The industry shouldn’t get too excited about a spike in coal demand, however, as the U.S. supply is not likely to meet the global demand and create long-term business opportunities, according to IHS Markit’s Ericksen. “We won’t see major investments or capital investment just to take a one-shot export program where there could be a regime change in Russia,” he said. “and there are many sustainable emission targets that have been put in place” in many parts of the world that will limit coal use.

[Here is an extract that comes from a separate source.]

(* Let $n\in\mathbb{N}$. (i) The map $\mathcal{T}_n:\mathcal{RBC}_n\to\mathcal{P}(\Theta)$ is continuous when $\mathcal{P}(\Theta)$ carries the weak topology. (ii) For every $p\in[1,\infty)$, the map $\mathcal{T}_n:\mathcal{RBC}_n\to\mathcal{P}_p(\Theta)$ is continuous when $\mathcal{P}_p(\Theta)$ carries the topology whose neighborhood basis at $G_0$ consists of sets $\{G:|\int f_i\,d(G-G_0)|<\varepsilon_i,\ i=1,\ldots,m\}$, possibly intersected with $\{G:|\int|\theta|^p\,d(G-G_0)(\theta)|<\varepsilon_0\}$, for bounded continuous $f_i$ and $\varepsilon_i>0$.
   Context: $\Theta\subseteq\mathbb{R}$ is $\mathbb{R}$, a closed half-line, or a compact interval with nonempty interior; $\mathcal{P}(\Theta)$ and $\mathcal{P}_p(\Theta)$ are Borel probability measures on $\Theta$ (resp. with finite $p$-th moment). SBA of a measure $G$ with finite mean: $\mu_{1,1}=\int\theta\,dG$; $\mu_{j,2l}=\mu_{j-1,l}$, $\mu_{j,2l-1}=b_G(\mu_{j-1,l-1},\mu_{j-1,l}]$ where $b_G(a_1,a_2]=\int_{(a_1,a_2]}\theta\,dG/(G(a_2)-G(a_1))$ (or $a_1$ if the mass is zero), $\mu_{j,0}=\inf\Theta$, $\mu_{j,2^j}=\sup\Theta$; $G$ has a regular level $n$ SBA if $\mu_{n,1},\ldots,\mu_{n,2^n-1}$ are distinct. $\mathcal{RBC}_n$ is the set of arrays $(\mu_{j,l})_{1\le j\le n+1,1\le l\le 2^j-1}$ consisting of the first $n+1$ rows of the SBA of some measure with a regular level $n$ SBA, with the subspace topology of Euclidean space. $\mathcal{T}_n$ maps such an array to $\sum_{l=1}^{2^n}w_{n,l}\delta_{\mu_{n+1,2l-1}}$ with $w_{n,l}=F(\mu_{n,l})-F(\mu_{n,l-1})$, where $F(\mu_{j,0})=0$, $F(\mu_{j,2^j})=1$, $F(\mu_{j,2l})=F(\mu_{j-1,l})$ and, for $1\le j\le n$, $F(\mu_{j,2l-1})=F(\mu_{j-1,l-1})+[F(\mu_{j-1,l})-F(\mu_{j-1,l-1})]\frac{\mu_{j+1,4l-1}-\mu_{j+1,4l-2}}{\mu_{j+1,4l-1}-\mu_{j+1,4l-3}}$ ($0/0=1$). *)

theory Defs
  imports "HOL-Analysis.Analysis" "HOL-Probability.Probability"
begin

Supply disruptions and sanctions caused by the war also disrupted northbound imports of pig iron and fertilizer that originate from Russia and Ukraine, according to RTN. Pig iron is barged upstream through the Lower Mississippi River to U.S. steel plants that use it as feedstock in steel production. About 65% of all pig iron imports last year came from Russia and Ukraine, RTN reported, with the remainder from Brazil and South Africa. The overall availability of barge equipment remains tight throughout the industry, as the high cost of building barges (now at around $1 million each compared to about $500,000 in 2019) and the high price of fuel to power them, has kept the fleet from being overbuilt with new equipment. “We’re not in an imbalance where we have too much demand and not enough equipment. It’s pretty equalized,” said Golding.

LABOR ISSUES

Another big concern for operators is the high cost of labor and the difficulty filling open positions both on vessels and shoreside. This was on everyone’s mind at the American Waterways Operators spring meeting in May, according to AWO CEO and President Jennifer Carpenter.

With labor shortages across all sectors nationally, barge companies are competing with other industries that offer good salaries, signing bonuses and no time away from home.

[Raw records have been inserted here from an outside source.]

lemma norm_eigenvalue_le_at_dominant_vertex:
  fixes w :: "nat \<Rightarrow> real"
  assumes simple: "simple_graph n E" and v: "v \<in> carrier_vec n"
    and eigen: "complex_signless_laplacian n E *\<^sub>v v = \<mu> \<cdot>\<^sub>v v"
    and row: "\<And>q. q < n \<Longrightarrow> deg n E q * w q + (\<Sum>j\<in>neighbours n E q. w j) \<le> s * w q"
    and dominated: "\<And>k. k < n \<Longrightarrow> cmod (v $ k) \<le> c * w k"
    and "c > 0" and p: "p < n" and "w p > 0" and attained: "cmod (v $ p) = c * w p"
  shows "cmod \<mu> \<le> s \<and> (cmod \<mu> = s \<longrightarrow> (\<forall>j\<in>neighbours n E p. cmod (v $ j) = c * w j)
           \<and> deg n E p * w p + (\<Sum>j\<in>neighbours n E p. w j) = s * w p)"
proof -
  define A where "A = (\<Sum>j\<in>neighbours n E p. cmod (v $ j))"
  define B where "B = (\<Sum>j\<in>neighbours n E p. c * w j)"
  define R where "R = deg n E p * w p + (\<Sum>j\<in>neighbours n E p. w j)"
  have in_range: "j < n" if "j \<in> neighbours n E p" for j
    using that unfolding neighbours_def by simp
  have eigen_row: "cmod \<mu> * (c * w p) \<le> deg n E p * (c * w p) + A"
    using norm_eigenvalue_mult_le[OF simple v eigen p] unfolding A_def attained .
  have "A \<le> B"
    unfolding A_def B_def by (rule sum_mono) (simp add: dominated in_range)
  have B_R: "deg n E p * (c * w p) + B = c * R"
    unfolding B_def R_def by (simp add: sum_distrib_left algebra_simps)
  have "c * R \<le> c * (s * w p)"
    using row[OF p] \<open>c > 0\<close> unfolding R_def by simp
  have cw_pos: "c * w p > 0"
    using \<open>c > 0\<close> \<open>w p > 0\<close> by simp
  have "cmod \<mu> * (c * w p) \<le> s * (c * w p)"
    using eigen_row \<open>A \<le> B\<close> B_R \<open>c * R \<le> c * (s * w p)\<close> by (simp add: algebra_simps)
  then have "cmod \<mu> \<le> s"
    using cw_pos by (rule mult_right_le_imp_le)
  moreover have "(\<forall>j\<in>neighbours n E p. cmod (v $ j) = c * w j) \<and> R = s * w p"
    if "cmod \<mu> = s"
  proof
    have "c * (s * w p) \<le> deg n E p * (c * w p) + A"
      using eigen_row that by (simp add: mult.left_commute)
    then have "A = B" and "c * R = c * (s * w p)"
      using \<open>A \<le> B\<close> B_R \<open>c * R \<le> c * (s * w p)\<close> by linarith+
    from \<open>A = B\<close> have "(\<Sum>j\<in>neighbours n E p. c * w j - cmod (v $ j)) = 0"
      unfolding A_def B_def by (simp add: sum_subtractf)
    then show "\<forall>j\<in>neighbours n E p. cmod (v $ j) = c * w j"
      by (subst (asm) sum_nonneg_eq_0_iff) (auto simp: dominated in_range)
    show "R = s * w p"
      using \<open>c * R = c * (s * w p)\<close> \<open>c > 0\<close> by simp
  qed
  ultimately show ?thesis
    unfolding R_def by blast
qed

Barging “is an essential sector with strong implications for national security, so we need to make sure we have a pipeline of people who want to come into this industry and make a career of it,” Carpenter said. “The short term challenge (for operators) is making sure we’ve got people to run the boats now and we have the people to grow the industry into the future. Those are big issues for our members.”

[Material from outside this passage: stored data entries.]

(* Let $P$ be a set of $n$ points in the plane in general position with $n$ even, and fix a direction (horizontal axis) such that no two points of $P$ have the same horizontal coordinate. Let $C$ be a connected component of the underlying graph of $P$, with vertex set $V(C)$ of size $m$. Then a vertex $v\in V(C)$ is among the $m/2$ leftmost points of $V(C)$ if and only if it is among the $n/2$ leftmost points of $P$; equivalently, the $m/2$ leftmost points of $V(C)$ are among the $n/2$ leftmost points of $P$ and the $m/2$ rightmost points of $V(C)$ are among the $n/2$ rightmost points of $P$.
   Context: Points are in general position if no three are collinear. For a finite set $P$ of $n$ points in general position with $n$ even, a halving line of $P$ is a line through two points of $P$ that has exactly $(n-2)/2$ points of $P$ strictly on each side. The underlying graph of $P$ has vertex set $P$, and two points are adjacent if and only if the line through them is a halving line of $P$. "Leftmost" refers to ordering by the horizontal coordinate in the fixed direction. *)

theory Defs
  imports "HOL-Analysis.Analysis"
begin

type_synonym pt = "real \<times> real"

definition orient :: "pt \<Rightarrow> pt \<Rightarrow> pt \<Rightarrow> real" where
  "orient p q r = (fst q - fst p) * (snd r - snd p) - (snd q - snd p) * (fst r - fst p)"

definition collinear3 :: "pt \<Rightarrow> pt \<Rightarrow> pt \<Rightarrow> bool" where
  "collinear3 p q r \<longleftrightarrow> orient p q r = 0"

definition general_position :: "pt set \<Rightarrow> bool" where
  "general_position P \<longleftrightarrow>
     (\<forall>p\<in>P. \<forall>q\<in>P. \<forall>r\<in>P. p \<noteq> q \<and> q \<noteq> r \<and> p \<noteq> r \<longrightarrow> \<not> collinear3 p q r)"

definition halving_line :: "pt set \<Rightarrow> pt \<Rightarrow> pt \<Rightarrow> bool" where
  "halving_line P p q \<longleftrightarrow> p \<in> P \<and> q \<in> P \<and> p \<noteq> q \<and>
     card {r\<in>P. orient p q r > 0} = (card P - 2) div 2 \<and>
     card {r\<in>P. orient p q r < 0} = (card P - 2) div 2"

definition adj :: "pt set \<Rightarrow> pt \<Rightarrow> pt \<Rightarrow> bool" where
  "adj P p q \<longleftrightarrow> halving_line P p q"

definition component :: "pt set \<Rightarrow> pt \<Rightarrow> pt set" where
  "component P v = {w \<in> P. (adj P)\<^sup>*\<^sup>* v w}"

text \<open>v is among the k leftmost points of S (x-coordinates distinct).\<close>
definition among_leftmost :: "nat \<Rightarrow> pt set \<Rightarrow> pt \<Rightarrow> bool" where
  "among_leftmost k S v \<longleftrightarrow> v \<in> S \<and> card {w\<in>S. fst w < fst v} < k"

end

theory Submission imports Defs begin

text \<open>
  Rotate a line through a point p of P once around p.  The number of points below it changes
  by one each time it passes through another point q, and it equals (n-2)/2 exactly when the
  line through p and q is halving.  Counting how often the number of points below crosses the
  threshold n/2 upwards or downwards shows that p has one more halving neighbour to its right
  than to its left if p is among the n/2 leftmost points, and one fewer otherwise.  Summing
  over a connected component C, every edge of C is counted once as a right and once as a left
  neighbour, so exactly half of the points of C are among the n/2 leftmost points of P, and
  these are necessarily the leftmost points of C.
\<close>

subsection \<open>Halving lines through a point, ordered by slope\<close>

lemma orient_swap: "orient q p r = - orient p q r"
  unfolding orient_def by (simp add: algebra_simps)

lemma adj_sym: "adj P p q \<Longrightarrow> adj P q p"
proof -
  have "{r\<in>P. orient q p r > 0} = {r\<in>P. orient p q r < 0}"
    and "{r\<in>P. orient q p r < 0} = {r\<in>P. orient p q r > 0}"
    by (simp_all add: orient_swap[of p q])
  then show "adj P p q \<Longrightarrow> adj P q p" unfolding adj_def halving_line_def by auto
qed

definition slope :: "pt \<Rightarrow> pt \<Rightarrow> real" where
  "slope p r = (snd r - snd p) / (fst r - fst p)"

definition below_line :: "pt set \<Rightarrow> pt \<Rightarrow> pt \<Rightarrow> pt set" where
  "below_line P p q = {r\<in>P. snd r - snd p < slope p q * (fst r - fst p)}"

lemma orient_eq_slope:
  assumes "fst q \<noteq> fst p"
  shows "orient p q r = (fst q - fst p) * ((snd r - snd p) - slope p q * (fst r - fst p))"
  using assms unfolding orient_def slope_def by (simp add: field_simps)

lemma diff_snd_eq_slope: "fst r \<noteq> fst p \<Longrightarrow> snd r - snd p = slope p r * (fst r - fst p)"
  unfolding slope_def by simp

lemma inj_on_slope:
  assumes gp: "general_position P" and p: "p \<in> P" and dx: "inj_on fst P"
  shows "inj_on (slope p) (P - {p})"
proof (rule inj_onI, rule ccontr)
  fix r r' assume r: "r \<in> P - {p}" and r': "r' \<in> P - {p}"
    and eq: "slope p r = slope p r'" and ne: "r \<noteq> r'"
  have "fst r \<noteq> fst p" "fst r' \<noteq> fst p" using r r' p dx by (auto dest: inj_onD)
  then have "snd r - snd p = slope p r' * (fst r - fst p)"
    and "snd r' - snd p = slope p r' * (fst r' - fst p)"
    using diff_snd_eq_slope[of r p] diff_snd_eq_slope[of r' p] eq by auto
  then have "orient p r r' = (fst r - fst p) * (slope p r' * (fst r' - fst p))
      - (slope p r' * (fst r - fst p)) * (fst r' - fst p)"
    by (simp only: orient_def)
  then have "orient p r r' = 0" by (simp add: algebra_simps)
  then show False using gp p r r' ne unfolding general_position_def collinear3_def by auto
qed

There is no immediate solution and companies must take a multifaceted approach to recruiting and employee retention, Carpenter said.

Many are being creative and proactive. Campbell Transportation has hired a professional recruiter to help attract and screen potential hires, and amped up its training program to emphasize jobs that lead to long-term, well-paying careers.

Golding Barge is venturing well beyond its base in Mississippi deep into rural areas in the Southeast to reach potential recruits, emphasizing longterm salary and career opportunities. All companies are making creative use of social media.

Labor difficulties aside, Carpenter said that while the current market rebound and high barge utilization rates are positive signs, it should be noted that the world is not yet free of the pandemic and there are many other factors affecting the industry’s performance.

“I qualify this because there are seasonal ups and downs, so getting out of pandemic-induced demand destruction does not mean that we’re going to be flying high 365 days a year. That’s not how it works,” she said.

“Different companies are differently situated depending on their debt load and their own financial profiles, there are seasonal fluctuations in the markets, and this year’s harvest is not yet here. Inflation is a real issue that affects fuel prices, wages and component parts, steel prices remain high, and now hurricane season is upon us,” Carpenter said. “But that shouldn’t overshadow the positive news that markets have begun to recover well.”